NVMe over Fabrics target implementation

Tue Jun 7 22:21:41 PDT 2016

On Tue, 2016-06-07 at 12:55 +0200, Christoph Hellwig wrote:
> There is absolutely no point in dragging in an overcomplicated configfs 
> structure for a very simple protocol which also is very different from
> SCSI in it's nitty gritty details.

Please be more specific wrt the two individual points that have been
raised.

>  Keeping the nvme target self contains
> allows it to be both much simpler and much easier to understand, as well
> as much better testable - see the amount of test coverage we could easily
> add for example.

I disagree.

> 
> Or to put it the other way around - if there was any major synergy in
> reusing the SCSI target code that just shows we're missing functionality
> in the block layer or configfs.
> 

To reiterate the points again.

*) Extensible to multiple types of backend drivers.

nvme-target needs a way to absorb new backend drivers, that
does not effect existing configfs group layout or attributes.

Looking at the nvmet/configfs layout as-is, there are no multiple
backend types defined, nor a way to control backend feature bits
exposed to nvme namespaces at runtime.

What is being proposed is a way to share target-core backends via
existing configfs symlinks across SCSI and NVMe targets.

Which means:

   - All I/O state + memory submission is done at RCU protected
     se_device level via sbc_ops
   - percpu reference counting is done outside of target-core
   - Absorb all nvmet/io-cmd optimizations into target_core_iblock.c
   - Base starting point for features in SCSI + NVMe that span
     across multiple endpoints and instances (reservations + APTPL, 
     multipath, copy-offload across fabric types)

Using target-core backends means we get features like T10-PI and
sbc_ops->write_same for free that don't exist in nvmet, and can
utilize a common set of backend drivers for SCSI and NVMe via an
existing configfs ABI and python userspace community.

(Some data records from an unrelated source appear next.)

lemma inner_pos_if_nonneg_orthant0:
  fixes q x :: "real^'n"
  assumes q: "\<forall>i. q$i > 0" and x: "x \<in> nonneg_orthant0"
  shows "q \<bullet> x > 0"
proof -
  from x have x_nonneg: "\<forall>i. x$i \<ge> 0" and "x \<noteq> 0" by (auto simp: nonneg_orthant0_def)
  then obtain k where "x$k > 0" by (metis order_less_le vec_eq_iff zero_index)
  then have "0 < q$k * x$k" using q by simp
  also have "\<dots> \<le> (\<Sum>i\<in>UNIV. q$i * x$i)"
    by (rule member_le_sum) (use q x_nonneg in \<open>auto simp: less_imp_le\<close>)
  finally show ?thesis by (simp add: inner_vec_def)
qed

lemma pos_orthant_subset_nonneg_orthant0: "pos_orthant \<subseteq> nonneg_orthant0"
  unfolding pos_orthant_def nonneg_orthant0_def
  by (auto intro: less_imp_le)

lemma cross_difference_shift_matrix:
  fixes q z w :: "real^'n" and m :: "real^'n^'n"
  shows "(q \<bullet> (m *v w)) * (q \<bullet> z) - (q \<bullet> (m *v z)) * (q \<bullet> w)
       = (q \<bullet> ((m - a *\<^sub>R mat 1) *v w)) * (q \<bullet> z) - (q \<bullet> ((m - a *\<^sub>R mat 1) *v z)) * (q \<bullet> w)"
proof -
  have shift: "(m - a *\<^sub>R mat 1) *v v = m *v v - a *\<^sub>R v" for v :: "real^'n"
    by (simp add: matrix_vector_mult_diff_rdistrib flip: scaleR_matrix_vector_assoc)
  show ?thesis unfolding shift by (simp add: inner_diff_right algebra_simps)
qed

lemma cross_difference_shift_vector:
  fixes q z w :: "real^'n" and m :: "real^'n^'n"
  shows "(q \<bullet> (m *v w)) * (q \<bullet> z) - (q \<bullet> (m *v z)) * (q \<bullet> w)
       = (q \<bullet> (m *v (w - c *\<^sub>R z))) * (q \<bullet> z) - (q \<bullet> (m *v z)) * (q \<bullet> (w - c *\<^sub>R z))"
  by (simp add: matrix_vector_mult_diff_distrib inner_diff_right algebra_simps
      flip: matrix_scaleR_vector_ac)

lemma abs_cross_difference_le:
  fixes q z w :: "real^'n" and m :: "real^'n^'n"
  assumes q: "\<forall>i. q$i \<ge> 0" and z: "\<forall>j. z$j \<ge> 0" and w: "\<forall>j. \<bar>w$j\<bar> \<le> r * z$j"
    and r: "r \<ge> 0"
  shows "\<bar>(q \<bullet> (m *v w)) * (q \<bullet> z) - (q \<bullet> (m *v z)) * (q \<bullet> w)\<bar>
     \<le> 2 * r * (q \<bullet> (mat_abs (m - a *\<^sub>R mat 1) *v z)) * (q \<bullet> z)"
proof -
  let ?M = "m - a *\<^sub>R mat 1"
  let ?P = "q \<bullet> (mat_abs ?M *v z)"
  have P_nonneg: "0 \<le> ?P" by (rule inner_mat_abs_nonneg[OF q z])
  have qz_nonneg: "0 \<le> q \<bullet> z" unfolding inner_vec_def using q z by (auto intro!: sum_nonneg)
  have Mw: "\<bar>q \<bullet> (?M *v w)\<bar> \<le> r * ?P" by (rule abs_inner_matrix_vector_le[OF q w])
  have qw: "\<bar>q \<bullet> w\<bar> \<le> r * (q \<bullet> z)" by (rule abs_inner_le[OF q w])
  have Mz: "\<bar>q \<bullet> (?M *v z)\<bar> \<le> 1 * ?P" by (rule abs_inner_matrix_vector_le[OF q]) (use z in auto)
  have "\<bar>(q \<bullet> (?M *v w)) * (q \<bullet> z) - (q \<bullet> (?M *v z)) * (q \<bullet> w)\<bar>
      \<le> \<bar>q \<bullet> (?M *v w)\<bar> * (q \<bullet> z) + \<bar>q \<bullet> (?M *v z)\<bar> * \<bar>q \<bullet> w\<bar>"
    using qz_nonneg abs_triangle_ineq4[of "(q \<bullet> (?M *v w)) * (q \<bullet> z)" "(q \<bullet> (?M *v z)) * (q \<bullet> w)"]
    by (simp add: abs_mult)
  also have "\<dots> \<le> (r * ?P) * (q \<bullet> z) + ?P * (r * (q \<bullet> z))"
    using Mw qw Mz qz_nonneg P_nonneg r by (intro add_mono mult_mono) auto
  finally show ?thesis
    unfolding cross_difference_shift_matrix[of q m w z a] by (simp add: algebra_simps)
qed

lemma bdd_above_INF_abs_shift_ratio:
  fixes q :: "real^'n" and m :: "real^'n^'n"
  assumes q: "\<forall>i. q$i > 0"
  shows "bdd_above ((\<lambda>x. INF a\<in>(UNIV::real set).
           (q \<bullet> (mat_abs (m - a *\<^sub>R mat 1) *v x)) / (q \<bullet> x)) ` nonneg_orthant0)"
proof -
  define K where "K = Max (range (\<lambda>j. (\<Sum>i\<in>UNIV. q$i * \<bar>m$i$j\<bar>) / q$j))"
  have column_le: "(\<Sum>i\<in>UNIV. q$i * \<bar>m$i$j\<bar>) \<le> K * q$j" for j
  proof -
    have "(\<Sum>i\<in>UNIV. q$i * \<bar>m$i$j\<bar>) / q$j \<le> K" unfolding K_def by (rule Max_ge) auto
    then show ?thesis using q by (simp add: divide_le_eq)
  qed
  show ?thesis
  proof (rule bdd_aboveI, clarify)
    fix x :: "real^'n" assume x: "x \<in> nonneg_orthant0"
    then have x_nonneg: "\<forall>j. x$j \<ge> 0" by (simp add: nonneg_orthant0_def)
    let ?F = "\<lambda>a. (q \<bullet> (mat_abs (m - a *\<^sub>R mat 1) *v x)) / (q \<bullet> x)"
    have qx: "q \<bullet> x > 0" by (rule inner_pos_if_nonneg_orthant0[OF q x])
    have "q \<bullet> (mat_abs m *v x) = (\<Sum>j\<in>UNIV. (\<Sum>i\<in>UNIV. q$i * \<bar>m$i$j\<bar>) * x$j)"
      unfolding inner_matrix_vector_sum mat_abs_def
      by (subst sum.swap) (simp add: sum_distrib_right)
    also have "\<dots> \<le> (\<Sum>j\<in>UNIV. K * q$j * x$j)"
      using column_le x_nonneg by (intro sum_mono mult_right_mono) auto
    also have "\<dots> = K * (q \<bullet> x)" by (simp add: inner_vec_def sum_distrib_left mult.assoc)
    finally have "?F 0 \<le> K" using qx by (simp add: divide_le_eq)
    moreover have "(INF a. ?F a) \<le> ?F 0"
      using qx q x_nonneg
      by (intro cINF_lower bdd_belowI[where m=0])
         (auto intro!: divide_nonneg_pos inner_mat_abs_nonneg simp: less_imp_le)
    ultimately show "(INF a. ?F a) \<le> K" by linarith
  qed
qed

And to the second, and more important point for defining a configfs ABI
that works for both today's requirements, as well into the 2020s
without breaking user-space compatibility.

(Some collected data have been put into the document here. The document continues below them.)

theorem real_symmetric_orthonormal_diagonalization:
  fixes A :: "real mat"
  assumes "A \<in> carrier_mat n n" "transpose_mat A = A" "char_poly A = (\<Prod>e\<leftarrow>es. [:-e, 1:])"
  shows "\<exists>P. orthonormal_mat n P \<and> transpose_mat P * A * P = mat_diag n (\<lambda>i. es ! i)"
  using assms
proof (induct es arbitrary: n A)
  case Nil
  with degree_monic_char_poly[of A n] have "n = 0" by auto
  thus ?case using Nil(1)
    by (intro exI[of _ "1\<^sub>m 0"]) (auto simp: orthonormal_mat_def mat_diag_def intro!: eq_matI)
next
  case (Cons e es n A)
  hence A: "A \<in> carrier_mat n n" and sym: "transpose_mat A = A"
    and cp: "char_poly A = [:-e, 1:] * (\<Prod>e\<leftarrow>es. [:-e, 1:])" by auto
  have "monic (\<Prod>e\<leftarrow>es. [:-e, 1:])" by (rule monic_prod_list) auto
  hence "degree (char_poly A) = Suc (degree (\<Prod>e\<leftarrow>es. [:-e, 1:]))"
    unfolding cp by (subst degree_mult_eq) auto
  with degree_monic_char_poly[OF A] obtain m where n: "n = Suc m" by (cases n) auto
  have "eigenvalue A e" unfolding eigenvalue_root_char_poly[OF A] cp by simp
  from real_eigenvalue_orthonormal_mat[OF A this] obtain W where
    W: "orthonormal_mat n W" and eig: "A *\<^sub>v col W 0 = e \<cdot>\<^sub>v col W 0" by blast
  from real_symmetric_deflation[OF A[unfolded n] sym W[unfolded n] eig] obtain A' where
    A': "A' \<in> carrier_mat m m" "transpose_mat A' = A'"
    and block: "transpose_mat W * A * W = four_block_mat (mat 1 1 (\<lambda>_. e)) (0\<^sub>m 1 m) (0\<^sub>m m 1) A'"
    by blast
  note W_carrier = orthonormal_matD[OF W]
  have "similar_mat (transpose_mat W * A * W) A"
    by (rule similar_matI[of _ _ "transpose_mat W" W n]) (use A W_carrier in auto)
  from char_poly_similar[OF this] cp
  have "[:-e, 1:] * char_poly A' = [:-e, 1:] * (\<Prod>e\<leftarrow>es. [:-e, 1:])"
    unfolding block char_poly_four_block_scalar[OF A'(1)] by simp
  hence "char_poly A' = (\<Prod>e\<leftarrow>es. [:-e, 1:])" by (metis mult_cancel_left pCons_eq_0_iff zero_neq_one)
  from Cons(1)[OF A' this] obtain Q where
    Q: "orthonormal_mat m Q" and QA'Q: "transpose_mat Q * A' * Q = mat_diag m (\<lambda>i. es ! i)" by blast
  define F where "F = four_block_mat (1\<^sub>m 1) (0\<^sub>m 1 m) (0\<^sub>m m 1) Q"
  have F: "orthonormal_mat n F" unfolding F_def n by (rule orthonormal_mat_four_block[OF Q])
  note F_carrier = orthonormal_matD(1)[OF F] and Q_carrier = orthonormal_matD(1)[OF Q]
  have "transpose_mat (W * F) * A * (W * F) = transpose_mat F * (transpose_mat W * A * W) * F"
    using W_carrier F_carrier A by (simp add: transpose_mult[of _ n n] assoc_mult_mat[of _ n n _ n _ n])
  also have "\<dots> = four_block_mat (mat 1 1 (\<lambda>_. e)) (0\<^sub>m 1 m) (0\<^sub>m m 1) (transpose_mat Q * A' * Q)"
    unfolding block F_def using Q_carrier A'
    by (subst transpose_four_block_mat, auto, (subst mult_four_block_mat, auto)+)
  also have "\<dots> = mat_diag n (\<lambda>i. (e # es) ! i)"
    unfolding QA'Q n by (rule eq_matI) (auto simp: mat_diag_def less_Suc_eq_0_disj split: if_splits)
  finally show ?case using orthonormal_mat_mult[OF W F] by blast
qed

As-is, the initial design using top level nvmet configfs symlinks of
subsystem groups into individual port + host groups does not scale.

That is, it currently does:

  - Sequential list lookup under global rw_mutex of top-level nvmet_port
    and nvmet_host symlink ->allow_link() and ->drop_link() configfs
    callbacks.
  - nvmet_fabrics_ops->add_port() callback invoked under same global
    rw mutex.

This is very bad for several reasons.

As-is, this blocks all other configfs port + host operations from
occurring even during normal operation, which makes it quite useless for
any type of multi-tenant target environment where the individual target
endpoints *must* be able to operate independently.

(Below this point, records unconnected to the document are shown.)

lemma flow_eq_ode_sol: "flow t a b = ode_sol newton_field (a, b) t"
  unfolding flow_def
proof (rule the_equality)
  let ?x = "ode_sol newton_field (a, b)"
  have "ode_solution newton_field ?x"
    by (rule ode_solution_ode_sol[OF lipschitz_newton_field])
  then show "\<exists>q p. is_sol a b q p \<and> ?x t = (q t, p t)"
    by (intro exI[of _ "\<lambda>s. fst (?x s)"] exI[of _ "\<lambda>s. snd (?x s)"])
      (simp add: is_sol_def deriv_g ode_solution_newton_field_iff)
next
  fix z assume "\<exists>q p. is_sol a b q p \<and> z = (q t, p t)"
  then obtain q p where "is_sol a b q p" and z: "z = (q t, p t)" by blast
  then have "ode_solution newton_field (\<lambda>s. (q s, p s))" and "q 0 = a" "p 0 = b"
    by (simp_all add: is_sol_def deriv_g ode_solution_newton_field_iff)
  then show "z = ode_sol newton_field (a, b) t"
    using ode_solution_eq_ode_sol[OF lipschitz_newton_field, of "\<lambda>s. (q s, p s)" t] z by simp
qed

lemma hamiltonian_ode_sol: "hamiltonian (ode_sol newton_field z t) = hamiltonian z"
proof -
  let ?q = "\<lambda>s. fst (ode_sol newton_field z s)" and ?p = "\<lambda>s. snd (ode_sol newton_field z s)"
  have "ode_solution newton_field (ode_sol newton_field z)"
    by (rule ode_solution_ode_sol[OF lipschitz_newton_field])
  then have q': "(?q has_real_derivative ?p s) (at s)" and p': "(?p has_real_derivative - dg (?q s)) (at s)" for s
    by (simp_all add: ode_solution_newton_field_iff)
  have "((\<lambda>s. hamiltonian (ode_sol newton_field z s)) has_real_derivative 0) (at s)" for s
    unfolding hamiltonian_def
    by (rule derivative_eq_intros DERIV_chain2[OF g_has_real_derivative] q' p' refl | simp)+
  then show ?thesis
    using DERIV_isconst_all[of "\<lambda>s. hamiltonian (ode_sol newton_field z s)" t 0] by simp
qed

section \<open>Trajectories starting on Dset\<close>

definition Dset_param :: "real \<Rightarrow> real \<times> real" where
  "Dset_param c = (if c \<le> 2 then (0, c) else (c - 2, 2))"

lemma fst_Dset_param [simp]: "fst (Dset_param c) = max 0 (c - 2)"
  and snd_Dset_param [simp]: "snd (Dset_param c) = min c 2"
  by (simp_all add: Dset_param_def)

lemma Dset_eq_image_Dset_param: "Dset = Dset_param ` {0<..}"
proof
  show "Dset \<subseteq> Dset_param ` {0<..}"
  proof
    fix z assume "z \<in> Dset"
    then consider "snd z = 2" "0 \<le> fst z" | "fst z = 0" "0 < snd z" "snd z \<le> 2"
      unfolding Dset_def by auto
    then show "z \<in> Dset_param ` {0<..}"
    proof cases
      case 1
      then show ?thesis by (intro image_eqI[of _ _ "fst z + 2"]) (auto simp: prod_eq_iff)
    next
      case 2
      then show ?thesis by (intro image_eqI[of _ _ "snd z"]) (auto simp: prod_eq_iff)
    qed
  qed
  show "Dset_param ` {0<..} \<subseteq> Dset"
    by (auto simp: Dset_param_def Dset_def)
qed

lemma inj_on_Dset_param: "inj_on Dset_param {0<..}"
  by (auto simp: inj_on_def Dset_param_def split: if_splits)

lemma dist_Dset_param_le: "dist (Dset_param c) (Dset_param c') \<le> dist c c'"
proof -
  have "(max 0 (c - 2) - max 0 (c' - 2))\<^sup>2 + (min c 2 - min c' 2)\<^sup>2 \<le> (c - c')\<^sup>2"
  proof -
    have sq: "a\<^sup>2 + b\<^sup>2 \<le> (a + b)\<^sup>2" if "0 \<le> a" "0 \<le> b" for a b :: real
      using that by (simp add: power2_sum)
    consider "c \<le> 2" "c' \<le> 2" | "c \<le> 2" "2 < c'" | "2 < c" "c' \<le> 2" | "2 < c" "2 < c'"
      by linarith
    then show ?thesis
    proof cases
      case 2
      then show ?thesis using sq[of "c' - 2" "2 - c"] by (simp add: power2_commute)
    next
      case 3
      then show ?thesis using sq[of "c - 2" "2 - c'"] by (simp add: power2_commute)
    qed simp_all
  qed
  then show ?thesis
    unfolding dist_prod_def dist_real_def
    by (metis fst_Dset_param snd_Dset_param power2_abs real_sqrt_abs real_sqrt_le_mono)
qed

lemma isCont_Dset_param: "isCont Dset_param c"
proof -
  have "1-lipschitz_on UNIV Dset_param"
    using dist_Dset_param_le by (intro lipschitz_onI) auto
  then have "continuous_on UNIV Dset_param"
    by (rule lipschitz_on_continuous_on)
  then show ?thesis
    by (simp add: continuous_on_eq_continuous_at)
qed

lemma Dset_param_eq_Pair_0: "0 < c \<Longrightarrow> Dset_param c = (0, p) \<Longrightarrow> c = p"
  by (auto simp: Dset_param_def split: if_splits)

lemma hamiltonian_Dset_param_pos: "0 < c \<Longrightarrow> 0 < hamiltonian (Dset_param c)"
  unfolding hamiltonian_def using g_nonneg[of "max 0 (c - 2)"] by (simp add: add_pos_nonneg)

lemma two_le_hamiltonian_Dset_param: "2 \<le> c \<Longrightarrow> 2 \<le> hamiltonian (Dset_param c)"
  unfolding hamiltonian_def using g_nonneg[of "c - 2"] by simp

lemma hamiltonian_Dset_param_mono:
  assumes "0 < c1" "c1 \<le> c2"
  shows "hamiltonian (Dset_param c1) \<le> hamiltonian (Dset_param c2)"
proof -
  have "(min c1 2)\<^sup>2 \<le> (min c2 2)\<^sup>2" using assms by (intro power_mono) auto
  moreover have "g (max 0 (c1 - 2)) \<le> g (max 0 (c2 - 2))" using assms by (intro g_mono) auto
  ultimately show ?thesis unfolding hamiltonian_def by simp
qed

definition traj_q :: "real \<Rightarrow> real \<Rightarrow> real" where
  "traj_q c s = fst (ode_sol newton_field (Dset_param c) s)"

definition traj_p :: "real \<Rightarrow> real \<Rightarrow> real" where
  "traj_p c s = snd (ode_sol newton_field (Dset_param c) s)"

lemma traj_q_0 [simp]: "traj_q c 0 = max 0 (c - 2)"
  and traj_p_0 [simp]: "traj_p c 0 = min c 2"
  by (simp_all add: traj_q_def traj_p_def)

lemma DERIV_traj_q: "(traj_q c has_real_derivative traj_p c s) (at s)"
  and DERIV_traj_p: "(traj_p c has_real_derivative - dg (traj_q c s)) (at s)"
  using ode_solution_ode_sol[OF lipschitz_newton_field, of "Dset_param c"]
  unfolding ode_solution_newton_field_iff traj_q_def[abs_def] traj_p_def[abs_def] by auto

lemma isCont_traj_q: "isCont (traj_q c) s"
  using DERIV_traj_q by (rule DERIV_isCont)

lemma continuous_on_traj_q: "continuous_on S (traj_q c)"
  by (intro continuous_at_imp_continuous_on ballI isCont_traj_q)

lemma isCont_traj_p: "isCont (traj_p c) s"
  using DERIV_traj_p by (rule DERIV_isCont)

lemma traj_energy: "(traj_p c s)\<^sup>2 / 2 + g (traj_q c s) = hamiltonian (Dset_param c)"
  using hamiltonian_ode_sol[of "Dset_param c" s] by (simp add: hamiltonian_def traj_q_def traj_p_def)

Seriously, there is never a good reason why configfs group or item
callbacks should be performing list lookup under a global lock at
this level.

Why does it ever make sense for $SUBSYSTEM_NQN_0 with $PORT_DRIVER_FOO
to block operation of $SUBSYSTEM_NQN_1 with $PORT_DRIVER_BAR..?

A simple example where this design breaks down quickly is a NVMf
ops->add_port() call that requires a HW reset, or say reloading of
firmware that can take multiple seconds. (qla2xxx comes to mind).

There is a simple test to highlight this limitation.  Take any
nvme-target driver that is capable of multiple ports, and introduce
a sleep(5) into each ops->add_port() call.

Now create 256 different subsystem NQNs with 256 different ports
across four different user-space processes.

What happens to other subsystems, ports and host groups configfs
symlinks when this occurs..?

What happens to the other user-space processes..?